■ **Exercise aim**:
Print, in exact form, the lines below from the one containing "is bounded below" through the one containing "x = (\<Sum>i\<in>S.", and omit all others.

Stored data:
>>
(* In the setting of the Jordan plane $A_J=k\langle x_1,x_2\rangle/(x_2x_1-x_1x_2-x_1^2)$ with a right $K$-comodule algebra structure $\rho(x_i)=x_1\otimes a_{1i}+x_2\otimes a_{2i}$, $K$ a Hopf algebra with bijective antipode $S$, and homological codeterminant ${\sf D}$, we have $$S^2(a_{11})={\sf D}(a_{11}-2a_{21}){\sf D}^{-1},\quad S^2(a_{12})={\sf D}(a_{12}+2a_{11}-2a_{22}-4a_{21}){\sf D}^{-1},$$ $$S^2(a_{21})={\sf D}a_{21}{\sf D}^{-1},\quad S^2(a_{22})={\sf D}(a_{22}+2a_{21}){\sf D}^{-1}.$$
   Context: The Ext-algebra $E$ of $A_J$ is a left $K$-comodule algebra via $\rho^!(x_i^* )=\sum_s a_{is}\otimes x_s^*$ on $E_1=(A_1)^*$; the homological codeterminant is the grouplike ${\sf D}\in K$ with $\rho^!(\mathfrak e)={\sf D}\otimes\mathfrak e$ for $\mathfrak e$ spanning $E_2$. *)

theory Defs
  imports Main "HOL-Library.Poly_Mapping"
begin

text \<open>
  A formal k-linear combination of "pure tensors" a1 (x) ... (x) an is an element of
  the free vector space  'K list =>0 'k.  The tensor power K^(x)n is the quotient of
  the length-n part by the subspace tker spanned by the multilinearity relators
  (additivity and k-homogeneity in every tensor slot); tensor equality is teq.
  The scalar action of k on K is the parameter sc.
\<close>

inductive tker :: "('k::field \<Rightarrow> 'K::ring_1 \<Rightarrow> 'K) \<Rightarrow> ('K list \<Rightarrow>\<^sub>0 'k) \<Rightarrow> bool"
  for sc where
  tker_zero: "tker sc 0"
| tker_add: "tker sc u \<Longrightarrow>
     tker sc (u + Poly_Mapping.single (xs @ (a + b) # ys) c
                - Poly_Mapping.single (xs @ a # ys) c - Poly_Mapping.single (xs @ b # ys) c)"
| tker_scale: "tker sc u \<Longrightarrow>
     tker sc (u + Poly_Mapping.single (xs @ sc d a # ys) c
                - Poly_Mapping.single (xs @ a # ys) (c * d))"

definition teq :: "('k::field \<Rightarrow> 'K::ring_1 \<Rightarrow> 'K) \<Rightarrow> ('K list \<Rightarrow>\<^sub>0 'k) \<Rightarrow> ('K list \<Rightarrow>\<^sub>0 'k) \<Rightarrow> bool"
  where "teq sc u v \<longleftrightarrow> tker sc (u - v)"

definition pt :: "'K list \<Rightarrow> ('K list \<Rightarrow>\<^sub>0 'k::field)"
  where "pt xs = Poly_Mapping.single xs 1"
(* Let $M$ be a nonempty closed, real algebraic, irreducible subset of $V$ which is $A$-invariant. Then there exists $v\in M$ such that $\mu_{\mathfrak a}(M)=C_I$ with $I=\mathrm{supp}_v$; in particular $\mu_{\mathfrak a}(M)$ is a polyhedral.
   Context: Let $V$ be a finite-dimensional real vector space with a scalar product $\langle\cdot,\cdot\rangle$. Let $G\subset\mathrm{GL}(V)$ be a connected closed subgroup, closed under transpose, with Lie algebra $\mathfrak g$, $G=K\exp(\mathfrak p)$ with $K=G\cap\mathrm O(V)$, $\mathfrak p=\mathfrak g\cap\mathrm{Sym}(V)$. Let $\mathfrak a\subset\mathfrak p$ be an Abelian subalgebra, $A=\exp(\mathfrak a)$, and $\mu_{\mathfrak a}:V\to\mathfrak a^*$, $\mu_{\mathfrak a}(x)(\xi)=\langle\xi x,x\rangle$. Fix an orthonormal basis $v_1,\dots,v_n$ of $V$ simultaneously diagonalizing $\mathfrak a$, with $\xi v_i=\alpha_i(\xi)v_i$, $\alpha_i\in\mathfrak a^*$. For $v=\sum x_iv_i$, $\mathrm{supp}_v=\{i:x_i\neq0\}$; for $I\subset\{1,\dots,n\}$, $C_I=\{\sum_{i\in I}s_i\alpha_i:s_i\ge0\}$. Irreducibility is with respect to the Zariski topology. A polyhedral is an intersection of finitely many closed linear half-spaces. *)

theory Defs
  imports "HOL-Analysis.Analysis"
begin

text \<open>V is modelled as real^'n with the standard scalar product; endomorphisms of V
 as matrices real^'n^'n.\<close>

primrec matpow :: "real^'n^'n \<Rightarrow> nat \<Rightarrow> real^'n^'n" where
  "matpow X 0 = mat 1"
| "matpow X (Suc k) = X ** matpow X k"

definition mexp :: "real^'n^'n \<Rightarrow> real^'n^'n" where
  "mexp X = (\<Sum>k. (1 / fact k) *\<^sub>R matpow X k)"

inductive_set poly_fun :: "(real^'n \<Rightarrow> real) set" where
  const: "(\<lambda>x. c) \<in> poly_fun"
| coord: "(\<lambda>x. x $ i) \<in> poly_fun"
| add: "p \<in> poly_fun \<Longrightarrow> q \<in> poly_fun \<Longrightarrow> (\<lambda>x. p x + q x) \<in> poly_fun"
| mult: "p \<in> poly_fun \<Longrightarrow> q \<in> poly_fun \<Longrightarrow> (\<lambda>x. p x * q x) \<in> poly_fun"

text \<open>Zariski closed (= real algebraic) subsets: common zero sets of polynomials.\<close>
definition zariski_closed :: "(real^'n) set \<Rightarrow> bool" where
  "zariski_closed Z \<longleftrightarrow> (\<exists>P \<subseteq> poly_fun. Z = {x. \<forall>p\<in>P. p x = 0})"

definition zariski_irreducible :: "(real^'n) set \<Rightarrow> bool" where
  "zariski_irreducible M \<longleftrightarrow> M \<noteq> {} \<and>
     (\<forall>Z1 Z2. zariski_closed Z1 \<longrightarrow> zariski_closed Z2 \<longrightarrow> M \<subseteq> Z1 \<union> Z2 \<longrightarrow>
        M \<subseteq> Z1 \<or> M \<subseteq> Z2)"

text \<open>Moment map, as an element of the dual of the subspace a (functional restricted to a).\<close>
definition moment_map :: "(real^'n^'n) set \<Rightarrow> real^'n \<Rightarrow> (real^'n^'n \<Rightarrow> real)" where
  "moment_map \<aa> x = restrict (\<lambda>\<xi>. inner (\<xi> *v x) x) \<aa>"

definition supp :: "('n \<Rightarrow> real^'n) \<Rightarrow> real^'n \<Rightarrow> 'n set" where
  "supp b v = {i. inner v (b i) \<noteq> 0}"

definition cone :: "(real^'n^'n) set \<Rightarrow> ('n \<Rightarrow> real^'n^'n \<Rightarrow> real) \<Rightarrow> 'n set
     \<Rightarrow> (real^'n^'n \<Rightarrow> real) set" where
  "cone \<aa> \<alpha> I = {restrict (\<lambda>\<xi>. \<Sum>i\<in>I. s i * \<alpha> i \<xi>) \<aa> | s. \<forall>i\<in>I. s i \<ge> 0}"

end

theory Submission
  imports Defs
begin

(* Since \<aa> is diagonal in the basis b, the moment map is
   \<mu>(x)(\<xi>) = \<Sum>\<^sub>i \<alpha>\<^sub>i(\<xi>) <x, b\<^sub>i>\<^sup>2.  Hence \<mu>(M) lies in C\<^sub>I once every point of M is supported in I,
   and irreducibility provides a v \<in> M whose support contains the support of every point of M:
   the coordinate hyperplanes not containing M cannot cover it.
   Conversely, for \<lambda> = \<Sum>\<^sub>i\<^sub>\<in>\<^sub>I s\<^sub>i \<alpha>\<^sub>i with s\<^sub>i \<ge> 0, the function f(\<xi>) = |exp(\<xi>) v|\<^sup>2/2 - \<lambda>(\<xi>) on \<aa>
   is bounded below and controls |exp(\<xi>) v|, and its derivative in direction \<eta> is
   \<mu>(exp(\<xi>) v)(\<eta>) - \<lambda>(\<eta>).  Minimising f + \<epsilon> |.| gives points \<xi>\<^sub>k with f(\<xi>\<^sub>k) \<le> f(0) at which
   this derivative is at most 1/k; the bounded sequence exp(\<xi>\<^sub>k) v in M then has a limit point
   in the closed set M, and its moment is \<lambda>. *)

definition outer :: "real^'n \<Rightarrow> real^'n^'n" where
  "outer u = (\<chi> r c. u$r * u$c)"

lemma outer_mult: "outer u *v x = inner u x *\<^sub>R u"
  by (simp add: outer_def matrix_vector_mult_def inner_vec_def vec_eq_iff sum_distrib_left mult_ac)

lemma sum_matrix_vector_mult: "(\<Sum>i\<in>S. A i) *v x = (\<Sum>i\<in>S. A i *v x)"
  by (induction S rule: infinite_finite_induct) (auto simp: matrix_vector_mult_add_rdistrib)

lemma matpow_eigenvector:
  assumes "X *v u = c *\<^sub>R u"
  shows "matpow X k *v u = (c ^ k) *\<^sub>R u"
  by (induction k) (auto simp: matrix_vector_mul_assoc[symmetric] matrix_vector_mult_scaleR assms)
<<
■ **Response**:
   is bounded below and controls |exp(\<xi>) v|, and its derivative in direction \<eta> is
   \<mu>(exp(\<xi>) v)(\<eta>) - \<lambda>(\<eta>).  Minimising f + \<epsilon> |.| gives points \<xi>\<^sub>k with f(\<xi>\<^sub>k) \<le> f(0) at which
   this derivative is at most 1/k; the bounded sequence exp(\<xi>\<^sub>k) v in M then has a limit point
   in the closed set M, and its moment is \<lambda>. *)

definition outer :: "real^'n \<Rightarrow> real^'n^'n" where
  "outer u = (\<chi> r c. u$r * u$c)"

lemma outer_mult: "outer u *v x = inner u x *\<^sub>R u"
  by (simp add: outer_def matrix_vector_mult_def inner_vec_def vec_eq_iff sum_distrib_left mult_ac)

lemma sum_matrix_vector_mult: "(\<Sum>i\<in>S. A i) *v x = (\<Sum>i\<in>S. A i *v x)"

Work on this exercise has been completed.